In the above example, if mykey changes before EXEC command, the transaction will abort since the calculation of val is invalidated.

Transaction Backend

Transactions in Garnet are implemented using the following classes:

  • TransactionManager
  • WatchVersionMap
  • WatchedKeyContainer
  • RespCommandsInfo

TransactionManager Class Responsibilities

Storing the state of Transaction:

  • Started: Goes to this state after MULTI command, TxnManager will queue any command in this state except EXEC
  • Running: Goes to this state after EXEC, TxnManager will run the queued commands in this state
  • Aborted: Goes to this state in case of anything bad happens

Queueing Commands:

When TxnManager goes to Started state, it will (1) queue any command afterward and (2) save any key that is used in those commands to lock at the execution time using 2PL. In order to queue commands, they are let to live in the network buffer. Using the TrySkip function in RespServerSession. To lock the keys at the time of execution, we save pointers to the actual memory location of keys in the network buffer using an array of TxnKeyEntry that has an ArgSlice and the lock type (Shared or Exclusive).

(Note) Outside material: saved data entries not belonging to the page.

lemma w_eta_C1_differentiable:
  assumes "\<eta> > 0"
  shows "w_eta u \<eta> C1_differentiable_on UNIV"
proof -
  define r' where "r' t = -2 * \<eta> * cos t / (sqrt_disc \<eta> t * (\<eta> + sqrt_disc \<eta> t))" for t
  have r: "(r_eta \<eta> has_real_derivative r' t) (at t)" for t
    unfolding r'_def by (rule r_eta_has_real_derivative[OF assms])
  have "continuous_on UNIV (sqrt_disc \<eta>)"
    by (intro continuous_at_imp_continuous_on ballI DERIV_isCont[OF sqrt_disc_has_real_derivative[OF assms]])
  then have cont_r': "continuous_on UNIV r'"
    unfolding r'_def using sqrt_disc_pos[OF assms] assms
    by (intro continuous_intros) (auto simp: add_pos_pos less_imp_neq[symmetric])
  have cont_r: "continuous_on UNIV (r_eta \<eta>)"
    by (intro continuous_at_imp_continuous_on ballI DERIV_isCont[OF r])
  define D where "D t = - ((complex_of_real u)\<^sup>2 * (complex_of_real ((r_eta \<eta> t)\<^sup>2)
           * (exp (2 * \<i> * complex_of_real t) * (2 * \<i>))
         + complex_of_real (2 * r_eta \<eta> t * r' t) * exp (2 * \<i> * complex_of_real t)))" for t
  have "continuous_on UNIV D"
    unfolding D_def using cont_r cont_r' by (intro continuous_intros)
  moreover have "(w_eta u \<eta> has_vector_derivative D t) (at t)" for t
  proof -
    have w: "w_eta u \<eta> = (\<lambda>t. 1 - (complex_of_real u)\<^sup>2
               * (complex_of_real ((r_eta \<eta> t)\<^sup>2) * exp (2 * \<i> * complex_of_real t)))"
      by (simp add: w_eta_def[abs_def] mult.assoc)
    have r2: "((\<lambda>t. (r_eta \<eta> t)\<^sup>2) has_real_derivative 2 * r_eta \<eta> t * r' t) (at t)"
      using DERIV_power[OF r, of 2 t] by (simp add: mult_ac)
    have e: "((\<lambda>t. exp (2 * \<i> * complex_of_real t)) has_vector_derivative
               exp (2 * \<i> * complex_of_real t) * (2 * \<i>)) (at t)"
      by (rule has_vector_derivative_real_field) (auto intro!: derivative_eq_intros)
    show ?thesis
      unfolding w
      by (rule has_vector_derivative_eq_rhs,
          (rule has_vector_derivative_diff has_vector_derivative_const has_vector_derivative_mult_right
            has_vector_derivative_mult has_vector_derivative_of_real r2 e)+) (simp add: D_def)
  qed
  ultimately show ?thesis
    unfolding C1_differentiable_on_def by blast
qed
(* Let $n\ge 2$ and let $\mathbf{A}\subset\mathbb{R}^{n\times n}$ be a connected set of real matrices. For $A\in\mathbf{A}$ write its characteristic polynomial as $f_A(s)=\det(sI_n-A)=s^n+a_{n-1}s^{n-1}+\cdots+a_1s+a_0$, and let $\Delta_{n-1}$ denote the $(n-1)$-th leading principal minor of the Hurwitz matrix $\Delta_A$ of $f_A$ (all these quantities depend on $A$). Suppose that at least one $A\in\mathbf{A}$ is Hurwitz stable. Then every $A\in\mathbf{A}$ is Hurwitz stable if and only if $a_0>0$ and $\Delta_{n-1}>0$ for all $A\in\mathbf{A}$.
   Context: A real square matrix is Hurwitz stable if all its eigenvalues lie in the open left half of the complex plane. The Hurwitz matrix of $f_A(s)=s^n+a_{n-1}s^{n-1}+\cdots+a_0$ is the $n\times n$ matrix $\Delta_A=(h_{ij})$ with $h_{ij}=a_{n-2j+i}$, where one sets $a_n=1$ and $a_k=0$ for $k<0$ or $k>n$; explicitly its rows are $(a_{n-1},a_{n-3},a_{n-5},\dots)$, $(1,a_{n-2},a_{n-4},\dots)$, $(0,a_{n-1},a_{n-3},\dots)$, $(0,1,a_{n-2},\dots)$, and so on. Its successive leading principal minors are denoted $\Delta_1,\dots,\Delta_n$. *)

theory Defs
  imports "HOL-Analysis.Analysis" "HOL-Computational_Algebra.Polynomial"
begin

definition charpoly :: "real^'n^'n \<Rightarrow> real poly" where
  "charpoly A = det (\<chi> i j. (if i = j then [:0, 1:] else 0) - [:A $ i $ j:])"

definition hurwitz_stable :: "real^'n^'n \<Rightarrow> bool" where
  "hurwitz_stable A \<longleftrightarrow>
     (\<forall>(z::complex) (v::complex^'n). v \<noteq> 0 \<and>
        (\<chi> i j. complex_of_real (A $ i $ j)) *v v = z *s v \<longrightarrow> Re z < 0)"

definition hcoef :: "nat \<Rightarrow> real poly \<Rightarrow> int \<Rightarrow> real" where
  "hcoef n p k = (if k = int n then 1 else if k < 0 \<or> k > int n then 0 else coeff p (nat k))"

text \<open>Entry h_ij = a_{n-2j+i} of the Hurwitz matrix (1-based indices i, j).\<close>
definition hurwitz_entry :: "nat \<Rightarrow> real poly \<Rightarrow> nat \<Rightarrow> nat \<Rightarrow> real" where
  "hurwitz_entry n p i j = hcoef n p (int n - 2 * int j + int i)"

TrySkip function uses RespCommandsInfo class to skip the correct number of tokens and detects syntax errors. RespCommandsinfo stores the number of Arity or arguments of each command. E.g., the GET command's arity is two. The command token GET and one key. We store the minimum number of arguments with a negative value for the commands that can have multiple arguments. SET command's arity is -3 means that it requires at least three arguments (including command toke).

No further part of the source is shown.